Work task:
Please show all lines of the records that include "length".

Records drawn from a dataset:
(* If $(\bar\lambda,\bar\mu)\in[\lambda_0,\infty)\times(0,\infty)$ satisfies $\Xi(\bar\lambda,\bar\mu)=0$, then $\Xi_\lambda(\bar\lambda,\bar\mu)>0$ and $\Xi_\mu(\bar\lambda,\bar\mu)<0$.
   Context: Setting: - $g>0$, $\sigma>0$, and $p_0<p_1<0$. - $\gamma=\gamma_1$ on $[p_0,p_1)$ and $\gamma=\gamma_2$ on $(p_1,0]$, with $\gamma_1\in C^\alpha([p_0,p_1])$ and $\gamma_2\in C^\alpha([p_1,0])$. - $\Gamma(p)=\int_0^p\gamma$, and $a(p;\lambda)=\sqrt{\lambda-2\Gamma(p)}$ for $\lambda>2\max_{[p_0,0]}\Gamma$. - $\mathfrak z(\cdot;\lambda,\mu)$ solves $(a^3\mathfrak z')'-\mu a\mathfrak z=0$ on $(p_0,0)$ with $\mathfrak z(p_0)=0$, $\mathfrak z'(p_0)=1$. - $\Xi(\lambda,\mu):=\lambda^{3/2}\mathfrak z'(0;\lambda,\mu)-(g+\sigma\mu)\mathfrak z(0;\lambda,\mu)$, a real-analytic function of $(\lambda,\mu)$; subscripts denote partial derivatives. - $\lambda_0$ is the unique $\lambda>2\max\Gamma$ with $\frac1g=\int_{p_0}^0a(p;\lambda)^{-3}dp$. *)

theory Defs
  imports "HOL-Analysis.Analysis"
begin

definition holder_on :: "real \<Rightarrow> real set \<Rightarrow> (real \<Rightarrow> real) \<Rightarrow> bool" where
  "holder_on \<alpha> S f \<longleftrightarrow> continuous_on S f \<and>
     (\<exists>C. \<forall>x\<in>S. \<forall>y\<in>S. \<bar>f x - f y\<bar> \<le> C * \<bar>x - y\<bar> powr \<alpha>)"

text \<open>Gamma(p) = integral from 0 to p of gamma (for p <= 0).\<close>
definition Gam :: "(real \<Rightarrow> real) \<Rightarrow> real \<Rightarrow> real" where
  "Gam \<gamma> p = - integral {p..0} \<gamma>"

definition aa :: "(real \<Rightarrow> real) \<Rightarrow> real \<Rightarrow> real \<Rightarrow> real" where
  "aa \<gamma> lam p = sqrt (lam - 2 * Gam \<gamma> p)"
(* Let $d \geq 2$ and let $\hat{\mathbf{\Sigma}}_1,\ldots,\hat{\mathbf{\Sigma}}_K \in \mathbb{R}^{d\times d}$ be symmetric positive semi-definite matrices such that \[ \lambda_1(\hat{\mathbf{\Sigma}}_j) \geq \frac{\sum_{k=1}^K\sum_{i=2}^d \lambda_i(\hat{\mathbf{\Sigma}}_k)}{K(d-1)} \quad \text{for all } j\in\{1,\ldots,K\}. \] Then a solution of \[ \min_{\hat{\mathbf{x}}_1,\ldots,\hat{\mathbf{x}}_K \in \mathbb{R}^d,\ \hat{\sigma}^2} \ \sum_{k=1}^K \big\|\hat{\mathbf{\Sigma}}_k - (\hat{\mathbf{x}}_k\hat{\mathbf{x}}_k^\mathrm{T} + \hat{\sigma}^2 \mathbf{I})\big\|_\mathrm{F}^2 \] is given by \[ \sigma^2_{\mathrm{GMM}} = \frac{1}{K}\sum_{k=1}^K \frac{\mathrm{tr}(\hat{\mathbf{\Sigma}}_k) - \lambda_1(\hat{\mathbf{\Sigma}}_k)}{d-1},\qquad \mathbf{x}_{\mathrm{GMM},k} = \sqrt{\lambda_1(\hat{\mathbf{\Sigma}}_k) - \sigma^2_{\mathrm{GMM}}}\ \mathbf{v}_1(\hat{\mathbf{\Sigma}}_k)\quad (k=1,\ldots,K), \] where $\mathbf{v}_1(\hat{\mathbf{\Sigma}}_k)$ is a unit eigenvector associated with $\lambda_1(\hat{\mathbf{\Sigma}}_k)$.
   Context: $\lambda_i(\mathbf{M})$ denotes the $i$-th largest eigenvalue of a symmetric positive semi-definite matrix $\mathbf{M}$ (equal to its $i$-th largest singular value); $\mathbf{I}$ is the $d\times d$ identity; $\|\cdot\|_\mathrm{F}$ is the Frobenius norm. *)

theory Defs
  imports "Jordan_Normal_Form.Matrix" "Jordan_Normal_Form.Char_Poly"
          "HOL-Computational_Algebra.Polynomial"
begin

definition mat_trace :: "real mat \<Rightarrow> real" where
  "mat_trace A = (\<Sum>i<dim_row A. A $$ (i, i))"

definition frob_sq :: "real mat \<Rightarrow> real" where
  "frob_sq A = (\<Sum>i<dim_row A. \<Sum>j<dim_col A. (A $$ (i, j))^2)"

definition eig_list :: "real mat \<Rightarrow> real list" where
  "eig_list A = rev (sorted_list_of_multiset (proots (char_poly A)))"

text \<open>lambda_i(A), the i-th largest eigenvalue, 1-based index i.\<close>
definition eig :: "real mat \<Rightarrow> nat \<Rightarrow> real" where
  "eig A i = eig_list A ! (i - 1)"

definition symmetric_mat :: "real mat \<Rightarrow> bool" where
  "symmetric_mat A \<longleftrightarrow> transpose_mat A = A"

definition psd_mat :: "real mat \<Rightarrow> bool" where
  "psd_mat A \<longleftrightarrow> (\<forall>v \<in> carrier_vec (dim_row A). 0 \<le> v \<bullet> (A *\<^sub>v v))"

definition outer :: "real vec \<Rightarrow> real mat" where
  "outer x = mat (dim_vec x) (dim_vec x) (\<lambda>(i, j). x $ i * x $ j)"

definition gmm_obj :: "nat \<Rightarrow> nat \<Rightarrow> (nat \<Rightarrow> real mat) \<Rightarrow> (nat \<Rightarrow> real vec) \<Rightarrow> real \<Rightarrow> real" where
  "gmm_obj d K S x s = (\<Sum>k<K. frob_sq (S k - (outer (x k) + s \<cdot>\<^sub>m 1\<^sub>m d)))"

end

theory Submission
  imports Defs "Jordan_Normal_Form.Schur_Decomposition"
begin

text \<open>Expanding the Frobenius norm gives, for symmetric \<open>S\<close> of size \<open>d\<close>,
  \<open>\<parallel>S - x x\<^sup>T - s I\<parallel>\<^sup>2 = \<parallel>S\<parallel>\<^sup>2 + |x|\<^sup>4 + d s\<^sup>2 - 2 x\<^sup>T S x - 2 s tr S + 2 s |x|\<^sup>2\<close>.
  The Rayleigh bound \<open>x\<^sup>T S x \<le> \<lambda>\<^sub>1 |x|\<^sup>2\<close> and completing the square in \<open>|x|\<^sup>2\<close> bound this
  from below by \<open>\<parallel>S\<parallel>\<^sup>2 + d s\<^sup>2 - 2 s tr S - (\<lambda>\<^sub>1 - s)\<^sup>2\<close>, with equality at
  \<open>x = \<surd>(\<lambda>\<^sub>1 - s) v\<^sub>1\<close> whenever \<open>s \<le> \<lambda>\<^sub>1\<close>. Summed over \<open>k\<close>, the lower bound is a
  quadratic in \<open>s\<close> with leading coefficient \<open>K (d - 1)\<close>, minimal at \<open>\<sigma>\<close>; since
  \<open>tr S - \<lambda>\<^sub>1 = \<lambda>\<^sub>2 + \<dots> + \<lambda>\<^sub>d\<close>, the hypothesis says exactly \<open>\<sigma> \<le> \<lambda>\<^sub>1(S\<^sub>k)\<close>, so the
  bound is attained. Both spectral facts come from the orthogonal diagonalisation of real
  symmetric matrices, proved by deflation along a unit eigenvector.\<close>

text \<open>Not the library's \<^const>\<open>orthogonal_mat\<close>, which only asks for pairwise orthogonal columns.\<close>

definition orthonormal_mat :: "nat \<Rightarrow> real mat \<Rightarrow> bool" where
  "orthonormal_mat n U \<longleftrightarrow> U \<in> carrier_mat n n \<and> transpose_mat U * U = 1\<^sub>m n"

lemma orthonormal_mat_right_inverse:
  assumes "orthonormal_mat n U"
  shows "U * transpose_mat U = 1\<^sub>m n"
  using assms mat_mult_left_right_inverse[of "transpose_mat U" n U]
  by (auto simp: orthonormal_mat_def)

lemma orthonormal_mat_mult:
  assumes U: "orthonormal_mat n U" and V: "orthonormal_mat n V"
  shows "orthonormal_mat n (U * V)"
proof -
  have c: "U \<in> carrier_mat n n" "V \<in> carrier_mat n n"
    using U V by (auto simp: orthonormal_mat_def)
  have "transpose_mat (U * V) * (U * V) = transpose_mat V * ((transpose_mat U * U) * V)"
    using c by (simp add: transpose_mult assoc_mult_mat[of _ n n _ n _ n])
  also have "\<dots> = 1\<^sub>m n" using U V c by (simp add: orthonormal_mat_def)
  finally show ?thesis using c by (simp add: orthonormal_mat_def)
qed

lemma orthonormal_mat_block_diag:
  assumes "orthonormal_mat m U"
  shows "orthonormal_mat (Suc m) (four_block_mat (1\<^sub>m 1) (0\<^sub>m 1 m) (0\<^sub>m m 1) U)"
proof -
  have U: "U \<in> carrier_mat m m" and UU: "transpose_mat U * U = 1\<^sub>m m"
    using assms by (auto simp: orthonormal_mat_def)
  have "transpose_mat (four_block_mat (1\<^sub>m 1) (0\<^sub>m 1 m) (0\<^sub>m m 1) U) =
      four_block_mat (1\<^sub>m 1) (0\<^sub>m 1 m) (0\<^sub>m m 1) (transpose_mat U)"
    using U by (subst transpose_four_block_mat) auto
  with U UU show ?thesis unfolding orthonormal_mat_def
    by (simp, subst mult_four_block_mat[of _ 1 1 _ m _ m _ _ 1 _ m]) auto
qed

lemma conjugate_of_real_mult_mat_vec:
  fixes A :: "real mat"
  assumes A: "A \<in> carrier_mat n m" and w: "w \<in> carrier_vec m"
  shows "conjugate (map_mat complex_of_real A *\<^sub>v w)
    = map_mat complex_of_real A *\<^sub>v conjugate w"
proof (rule eq_vecI)
  fix i assume "i < dim_vec (map_mat complex_of_real A *\<^sub>v conjugate w)"
  then have i: "i < n" using A by simp
  have "conjugate (row (map_mat complex_of_real A) i) = row (map_mat complex_of_real A) i"
    using A i by (intro eq_vecI) auto
  then show "conjugate (map_mat complex_of_real A *\<^sub>v w) $ i
      = (map_mat complex_of_real A *\<^sub>v conjugate w) $ i"
    using A w i conjugate_sprod_vec[of "row (map_mat complex_of_real A) i" m w] by simp
qed (use A in simp)

lemma symmetric_mat_complex_eigenvalue_real:
  fixes S :: "real mat"
  assumes S: "S \<in> carrier_mat n n" and sym: "symmetric_mat S"
    and ev: "eigenvalue (map_mat complex_of_real S) z"
  shows "z \<in> \<real>"
proof -
  let ?C = "map_mat complex_of_real S"
  obtain w where w: "w \<in> carrier_vec n" "w \<noteq> 0\<^sub>v n" and Cw: "?C *\<^sub>v w = z \<cdot>\<^sub>v w"
    using ev S unfolding eigenvalue_def eigenvector_def by auto
  have C: "?C \<in> carrier_mat n n" and symC: "transpose_mat ?C = ?C"
    using S sym by (auto simp: symmetric_mat_def map_mat_transpose)
  have C_conj: "?C *\<^sub>v conjugate w = conjugate z \<cdot>\<^sub>v conjugate w"
    using conjugate_of_real_mult_mat_vec[OF S w(1)] Cw by (simp add: conjugate_smult_vec)
  have "z * (conjugate w \<bullet> w) = conjugate w \<bullet> (?C *\<^sub>v w)"
    using w Cw by simp
  also have "\<dots> = (transpose_mat ?C *\<^sub>v conjugate w) \<bullet> w"
    using transpose_vec_mult_scalar[OF C w(1), of "conjugate w"] w by simp
  also have "\<dots> = conjugate z * (conjugate w \<bullet> w)"
    using symC C_conj w by simp
  finally have "z * (w \<bullet>c w) = cnj z * (w \<bullet>c w)"
    using w by (simp add: comm_scalar_prod[of w n "conjugate w"])
  moreover have "w \<bullet>c w \<noteq> 0" using w by simp
  ultimately show ?thesis by (simp add: Reals_cnj_iff)
qed

lemma symmetric_mat_has_eigenvalue:
  fixes S :: "real mat"
  assumes S: "S \<in> carrier_mat n n" and sym: "symmetric_mat S" and n: "n > 0"
  shows "\<exists>\<mu>. eigenvalue S \<mu>"
proof -
  let ?C = "map_mat complex_of_real S"
  have C: "?C \<in> carrier_mat n n" using S by simp
  obtain as where cp: "char_poly ?C = (\<Prod>a\<leftarrow>as. [:- a, 1:])" and len: "length as = n"
    using char_poly_factorized[OF C] by blast
  obtain z where "z \<in> set as" using len n by (cases as) auto
  then have "poly (char_poly ?C) z = 0" unfolding cp by (simp add: poly_prod_list)
  then have "eigenvalue ?C z" using eigenvalue_root_char_poly[OF C] by simp
  then obtain r where r: "z = complex_of_real r"
    using symmetric_mat_complex_eigenvalue_real[OF S sym] by (auto elim: Reals_cases)
  have "complex_of_real (poly (char_poly S) r) = poly (char_poly ?C) z"
    unfolding r of_real_hom.char_poly_hom[OF S] of_real_hom.poly_map_poly ..
  with \<open>poly (char_poly ?C) z = 0\<close> have "poly (char_poly S) r = 0" by simp
  then show ?thesis using eigenvalue_root_char_poly[OF S] by blast
qed

lemma unit_eigenvector_exists:
  fixes S :: "real mat"
  assumes S: "S \<in> carrier_mat n n" and ev: "eigenvalue S \<mu>"
  shows "\<exists>u. u \<in> carrier_vec n \<and> u \<bullet> u = 1 \<and> S *\<^sub>v u = \<mu> \<cdot>\<^sub>v u"
proof -
  obtain v where v: "v \<in> carrier_vec n" "v \<noteq> 0\<^sub>v n" "S *\<^sub>v v = \<mu> \<cdot>\<^sub>v v"
    using ev S unfolding eigenvalue_def eigenvector_def by auto
  have "v \<bullet> v > 0" using conjugate_square_greater_0_vec[OF v(1)] v(2) by simp
  then show ?thesis using v S
    by (intro exI[of _ "(1 / sqrt (v \<bullet> v)) \<cdot>\<^sub>v v"])
      (auto simp: mult_mat_vec smult_smult_assoc mult.commute)
qed

lemma orthonormal_mat_of_orthogonal_cols:
  fixes ws :: "real vec list"
  assumes orth: "corthogonal ws" and car: "set ws \<subseteq> carrier_vec n" and len: "length ws = n"
  shows "orthonormal_mat n (mat_of_cols n (map (\<lambda>w. (1 / sqrt (w \<bullet> w)) \<cdot>\<^sub>v w) ws))"
    (is "orthonormal_mat n ?W")
proof -
  have pos: "ws ! i \<bullet> ws ! i > 0" if "i < n" for i
  proof -
    have "ws ! i \<bullet> ws ! i \<noteq> 0" using corthogonalD[OF orth, of i i] len that by simp
    moreover have "ws ! i \<bullet> ws ! i \<ge> 0" using conjugate_square_ge_0_vec[of "ws ! i"] by simp
    ultimately show ?thesis by simp
  qed
  have "col ?W i \<bullet> col ?W j = (if i = j then 1 else 0)" if ij: "i < n" "j < n" for i j
  proof -
    have "ws ! i \<in> carrier_vec n" "ws ! j \<in> carrier_vec n" using car len ij by auto
    then have "col ?W i \<bullet> col ?W j
        = (1 / sqrt (ws ! i \<bullet> ws ! i)) * (1 / sqrt (ws ! j \<bullet> ws ! j)) * (ws ! i \<bullet> ws ! j)"
      using ij len by simp
    also have "\<dots> = (if i = j then 1 else 0)"
      using corthogonalD[OF orth, of i j] pos[OF ij(1)] ij len by (auto simp: field_simps)
    finally show ?thesis .
  qed
  then show ?thesis unfolding orthonormal_mat_def using len by (intro conjI eq_matI) auto
qed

Response:
  obtain as where cp: "char_poly ?C = (\<Prod>a\<leftarrow>as. [:- a, 1:])" and len: "length as = n"
  assumes orth: "corthogonal ws" and car: "set ws \<subseteq> carrier_vec n" and len: "length ws = n"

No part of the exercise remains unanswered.